(Stored data)
------------------------------------------------------------------------

lemma Rstar_exp_poly_smooth_bigtheta:
  assumes "0 < p" "0 < a" "2 * a - 2 * s < -1"
  shows "Rstar (\<lambda>j. exp (real j powr (2 * p) - 1)) (\<lambda>j. real j powr (-2 * a)) l \<in> \<Theta>[at_right 0](\<lambda>x. x)"
proof -
  define r where "r = 2 * a - 2 * s"
  have r: "r < -1" using assms by (simp add: r_def)
  obtain K where K: "0 < K" "\<And>x m. 0 < x \<Longrightarrow> x \<le> exp (-1) \<Longrightarrow> 1 \<le> m \<Longrightarrow> 2 * (- ln x) \<le> real m powr (2 * p) \<Longrightarrow>
      Rstar (\<lambda>j. exp (real j powr (2 * p) - 1)) (\<lambda>j. real j powr (-2 * a)) l x \<le> x * (K + (\<Sum>j=1..m. real j powr r))"
    using Rstar_exp_poly_le[OF assms(1,2)] unfolding r_def by blast
  have upper: "Rstar (\<lambda>j. exp (real j powr (2 * p) - 1)) (\<lambda>j. real j powr (-2 * a)) l x
      \<le> (K + 1 + 1 / (-r - 1)) * x" if x: "0 < x" "x \<le> exp (-1)" for x
  proof -
    have "1 \<le> 2 * (- ln x)" using le_neg_ln_if_le_exp[OF x] by simp
    then obtain m where m: "1 \<le> m" "2 * (- ln x) \<le> real m powr (2 * p)"
      using obtain_nat_powr_ge[of "2 * (- ln x)" "2 * p"] assms(1) by auto
    have "x * (K + (\<Sum>j=1..m. real j powr r)) \<le> x * (K + (1 + 1 / (-r - 1)))"
      using convergent_powr_partial_sum_le[OF r m(1)] x by (intro mult_left_mono) auto
    then show ?thesis using K(2)[OF x m] by (simp add: algebra_simps)
  qed
  have lower: "x \<le> Rstar (\<lambda>j. exp (real j powr (2 * p) - 1)) (\<lambda>j. real j powr (-2 * a)) l x"
    if x: "0 < x" for x
  proof (rule le_RstarI)
    fix m :: nat assume m: "1 \<le> m"
    have "x * 1 \<le> x * (\<Sum>j=1..m. real j powr r)"
      using one_le_powr_partial_sum[OF m] x by (intro mult_left_mono) auto
    also have "\<dots> \<le> Rm (\<lambda>j. exp (real j powr (2 * p) - 1)) (\<lambda>j. real j powr (-2 * a)) l m x"
      using weighted_sum_le_Rm(1)[of l "\<lambda>j. real j powr (-2 * a)" m x]
      unfolding poly_weighted_sum r_def by (simp add: sum_nonneg)
    finally show "x \<le> Rm (\<lambda>j. exp (real j powr (2 * p) - 1)) (\<lambda>j. real j powr (-2 * a)) l m x" by simp
  qed
  show ?thesis
  proof (intro bigthetaI bigo_at_right_0I[OF exp_gt_zero[of "-1"]]
      bigomega_at_right_0I[OF exp_gt_zero[of "-1"] zero_less_one])
  qed (use upper lower Rstar_nonneg in auto)
qed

------------------------------------------------------------------------

There is a line with "then show ?thesis" and a line with "x * (\<Sum>j=1..m." above. Copy exactly those two lines and all lines between them, with nothing else.

    then show ?thesis using K(2)[OF x m] by (simp add: algebra_simps)
  qed
  have lower: "x \<le> Rstar (\<lambda>j. exp (real j powr (2 * p) - 1)) (\<lambda>j. real j powr (-2 * a)) l x"
    if x: "0 < x" for x
  proof (rule le_RstarI)
    fix m :: nat assume m: "1 \<le> m"
    have "x * 1 \<le> x * (\<Sum>j=1..m. real j powr r)"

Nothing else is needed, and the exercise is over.